*EXERCISE REQUIREMENTS:* Go line by line through the listing below and copy those that hold "most".

*DATA FOR THIS TASK:*

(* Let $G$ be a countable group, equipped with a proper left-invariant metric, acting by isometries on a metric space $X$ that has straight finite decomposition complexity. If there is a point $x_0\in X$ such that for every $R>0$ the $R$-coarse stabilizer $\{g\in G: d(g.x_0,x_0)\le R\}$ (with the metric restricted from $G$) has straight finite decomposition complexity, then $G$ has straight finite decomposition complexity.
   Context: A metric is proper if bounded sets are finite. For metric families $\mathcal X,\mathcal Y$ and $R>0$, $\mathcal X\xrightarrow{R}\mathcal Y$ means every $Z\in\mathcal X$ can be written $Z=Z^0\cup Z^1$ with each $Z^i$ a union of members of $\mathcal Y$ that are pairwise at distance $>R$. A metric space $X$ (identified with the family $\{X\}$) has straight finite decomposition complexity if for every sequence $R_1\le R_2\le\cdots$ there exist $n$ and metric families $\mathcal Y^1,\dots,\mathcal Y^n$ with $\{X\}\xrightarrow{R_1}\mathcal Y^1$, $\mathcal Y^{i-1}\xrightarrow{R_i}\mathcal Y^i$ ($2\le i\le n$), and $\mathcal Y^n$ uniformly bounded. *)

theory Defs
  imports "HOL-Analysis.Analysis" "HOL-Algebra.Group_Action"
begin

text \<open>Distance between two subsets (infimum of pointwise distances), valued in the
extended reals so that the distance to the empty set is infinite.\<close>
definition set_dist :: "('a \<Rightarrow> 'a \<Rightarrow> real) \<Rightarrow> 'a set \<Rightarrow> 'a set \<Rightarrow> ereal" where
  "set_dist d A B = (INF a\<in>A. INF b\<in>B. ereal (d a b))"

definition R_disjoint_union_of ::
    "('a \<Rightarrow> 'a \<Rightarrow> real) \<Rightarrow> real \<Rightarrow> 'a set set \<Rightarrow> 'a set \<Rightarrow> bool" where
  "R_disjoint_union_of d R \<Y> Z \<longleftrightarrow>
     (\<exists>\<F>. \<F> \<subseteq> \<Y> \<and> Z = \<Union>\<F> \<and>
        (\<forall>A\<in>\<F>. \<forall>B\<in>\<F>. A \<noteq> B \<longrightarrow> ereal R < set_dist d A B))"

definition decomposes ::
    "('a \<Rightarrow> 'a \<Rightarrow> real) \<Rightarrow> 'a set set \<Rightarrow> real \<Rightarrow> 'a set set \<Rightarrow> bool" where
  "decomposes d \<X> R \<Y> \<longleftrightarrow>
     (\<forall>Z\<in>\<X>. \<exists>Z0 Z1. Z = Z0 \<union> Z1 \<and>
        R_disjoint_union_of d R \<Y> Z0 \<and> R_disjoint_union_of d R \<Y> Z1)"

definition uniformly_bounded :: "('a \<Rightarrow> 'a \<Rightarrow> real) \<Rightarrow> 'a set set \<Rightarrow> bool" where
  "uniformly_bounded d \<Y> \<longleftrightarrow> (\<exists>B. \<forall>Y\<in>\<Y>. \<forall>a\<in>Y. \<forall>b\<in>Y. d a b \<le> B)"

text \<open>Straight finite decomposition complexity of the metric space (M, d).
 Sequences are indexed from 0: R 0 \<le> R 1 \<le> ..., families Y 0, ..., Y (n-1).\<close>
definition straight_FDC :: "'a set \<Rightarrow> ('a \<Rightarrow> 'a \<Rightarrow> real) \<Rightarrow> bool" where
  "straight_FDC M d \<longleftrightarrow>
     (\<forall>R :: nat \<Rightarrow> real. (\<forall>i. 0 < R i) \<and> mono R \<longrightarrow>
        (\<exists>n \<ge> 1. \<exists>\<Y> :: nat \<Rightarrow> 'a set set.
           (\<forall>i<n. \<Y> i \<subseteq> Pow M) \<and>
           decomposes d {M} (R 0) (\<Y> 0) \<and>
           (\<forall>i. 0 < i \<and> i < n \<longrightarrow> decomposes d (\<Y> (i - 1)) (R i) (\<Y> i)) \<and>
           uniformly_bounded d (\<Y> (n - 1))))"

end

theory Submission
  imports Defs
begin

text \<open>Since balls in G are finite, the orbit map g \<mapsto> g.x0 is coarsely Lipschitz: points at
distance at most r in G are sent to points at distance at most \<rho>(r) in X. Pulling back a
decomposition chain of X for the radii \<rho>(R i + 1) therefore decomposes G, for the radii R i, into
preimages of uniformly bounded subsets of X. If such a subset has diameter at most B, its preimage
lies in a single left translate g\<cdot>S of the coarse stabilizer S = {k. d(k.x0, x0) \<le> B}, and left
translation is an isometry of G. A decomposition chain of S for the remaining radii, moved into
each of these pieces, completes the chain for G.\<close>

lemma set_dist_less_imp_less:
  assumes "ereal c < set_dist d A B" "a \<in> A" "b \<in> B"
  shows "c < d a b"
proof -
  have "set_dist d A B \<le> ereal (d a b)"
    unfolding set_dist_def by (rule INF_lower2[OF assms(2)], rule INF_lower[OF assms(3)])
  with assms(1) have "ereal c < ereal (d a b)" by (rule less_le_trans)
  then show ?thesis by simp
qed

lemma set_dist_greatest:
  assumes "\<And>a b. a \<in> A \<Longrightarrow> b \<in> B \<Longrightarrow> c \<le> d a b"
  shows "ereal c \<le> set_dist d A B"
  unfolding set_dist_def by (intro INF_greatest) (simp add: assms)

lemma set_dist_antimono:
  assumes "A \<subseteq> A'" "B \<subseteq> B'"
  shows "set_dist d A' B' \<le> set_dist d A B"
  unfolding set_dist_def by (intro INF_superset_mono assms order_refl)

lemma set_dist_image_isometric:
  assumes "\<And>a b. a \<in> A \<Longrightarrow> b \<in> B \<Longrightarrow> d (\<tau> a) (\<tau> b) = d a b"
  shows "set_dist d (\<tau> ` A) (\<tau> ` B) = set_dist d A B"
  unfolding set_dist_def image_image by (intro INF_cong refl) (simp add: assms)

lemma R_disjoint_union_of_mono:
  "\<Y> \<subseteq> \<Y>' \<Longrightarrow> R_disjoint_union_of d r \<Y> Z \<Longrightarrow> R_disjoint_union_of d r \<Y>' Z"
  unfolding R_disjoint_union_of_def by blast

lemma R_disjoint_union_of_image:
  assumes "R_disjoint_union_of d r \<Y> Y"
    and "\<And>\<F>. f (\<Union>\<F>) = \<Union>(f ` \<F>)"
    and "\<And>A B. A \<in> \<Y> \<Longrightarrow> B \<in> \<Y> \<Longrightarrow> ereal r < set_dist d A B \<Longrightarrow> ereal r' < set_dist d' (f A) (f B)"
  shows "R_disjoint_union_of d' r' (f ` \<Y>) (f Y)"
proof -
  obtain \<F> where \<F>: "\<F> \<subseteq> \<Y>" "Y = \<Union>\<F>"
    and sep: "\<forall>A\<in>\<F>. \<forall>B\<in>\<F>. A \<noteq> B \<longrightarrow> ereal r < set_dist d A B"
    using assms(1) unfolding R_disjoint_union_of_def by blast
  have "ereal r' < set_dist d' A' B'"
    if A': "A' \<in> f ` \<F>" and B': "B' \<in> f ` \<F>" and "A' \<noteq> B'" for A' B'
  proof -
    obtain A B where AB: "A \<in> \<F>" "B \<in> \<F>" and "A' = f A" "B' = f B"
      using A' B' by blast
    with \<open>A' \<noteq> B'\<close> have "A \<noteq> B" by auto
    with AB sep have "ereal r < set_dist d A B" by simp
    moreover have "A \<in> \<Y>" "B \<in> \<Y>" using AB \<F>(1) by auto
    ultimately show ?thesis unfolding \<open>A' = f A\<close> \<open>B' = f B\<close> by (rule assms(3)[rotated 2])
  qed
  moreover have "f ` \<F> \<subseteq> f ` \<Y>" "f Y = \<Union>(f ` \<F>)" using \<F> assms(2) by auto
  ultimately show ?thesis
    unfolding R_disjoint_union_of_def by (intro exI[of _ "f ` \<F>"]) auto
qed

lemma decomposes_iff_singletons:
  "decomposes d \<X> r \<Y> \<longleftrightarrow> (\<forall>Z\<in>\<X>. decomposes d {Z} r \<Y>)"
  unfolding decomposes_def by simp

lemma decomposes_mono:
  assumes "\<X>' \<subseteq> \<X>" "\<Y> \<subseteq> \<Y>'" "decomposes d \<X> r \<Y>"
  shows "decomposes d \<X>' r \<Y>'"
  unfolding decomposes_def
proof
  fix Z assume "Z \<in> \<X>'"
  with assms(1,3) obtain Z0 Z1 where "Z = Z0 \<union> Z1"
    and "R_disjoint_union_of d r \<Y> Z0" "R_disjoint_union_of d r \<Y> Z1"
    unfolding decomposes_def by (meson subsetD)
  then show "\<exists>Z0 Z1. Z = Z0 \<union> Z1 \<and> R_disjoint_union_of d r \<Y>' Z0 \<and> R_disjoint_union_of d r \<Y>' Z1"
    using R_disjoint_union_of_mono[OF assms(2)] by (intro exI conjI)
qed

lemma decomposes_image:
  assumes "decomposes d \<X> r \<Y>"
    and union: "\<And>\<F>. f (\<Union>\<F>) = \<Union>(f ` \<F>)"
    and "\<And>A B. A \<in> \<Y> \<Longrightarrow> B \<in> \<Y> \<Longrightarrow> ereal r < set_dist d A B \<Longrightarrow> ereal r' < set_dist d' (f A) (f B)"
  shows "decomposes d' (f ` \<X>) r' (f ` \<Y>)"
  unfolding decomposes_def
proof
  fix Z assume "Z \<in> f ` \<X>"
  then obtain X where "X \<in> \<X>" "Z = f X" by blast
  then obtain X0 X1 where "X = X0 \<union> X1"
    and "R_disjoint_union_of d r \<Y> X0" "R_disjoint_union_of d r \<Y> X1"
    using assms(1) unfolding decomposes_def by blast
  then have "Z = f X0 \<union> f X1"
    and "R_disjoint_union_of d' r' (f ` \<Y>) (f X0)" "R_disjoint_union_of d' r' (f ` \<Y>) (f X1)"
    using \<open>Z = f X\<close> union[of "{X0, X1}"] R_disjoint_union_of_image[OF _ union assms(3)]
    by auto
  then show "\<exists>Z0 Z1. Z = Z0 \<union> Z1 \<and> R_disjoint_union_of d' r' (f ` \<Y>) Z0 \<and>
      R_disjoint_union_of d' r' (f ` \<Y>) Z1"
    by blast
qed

*RESULT:*
distance at most r in G are sent to points at distance at most \<rho>(r) in X. Pulling back a
preimages of uniformly bounded subsets of X. If such a subset has diameter at most B, its preimage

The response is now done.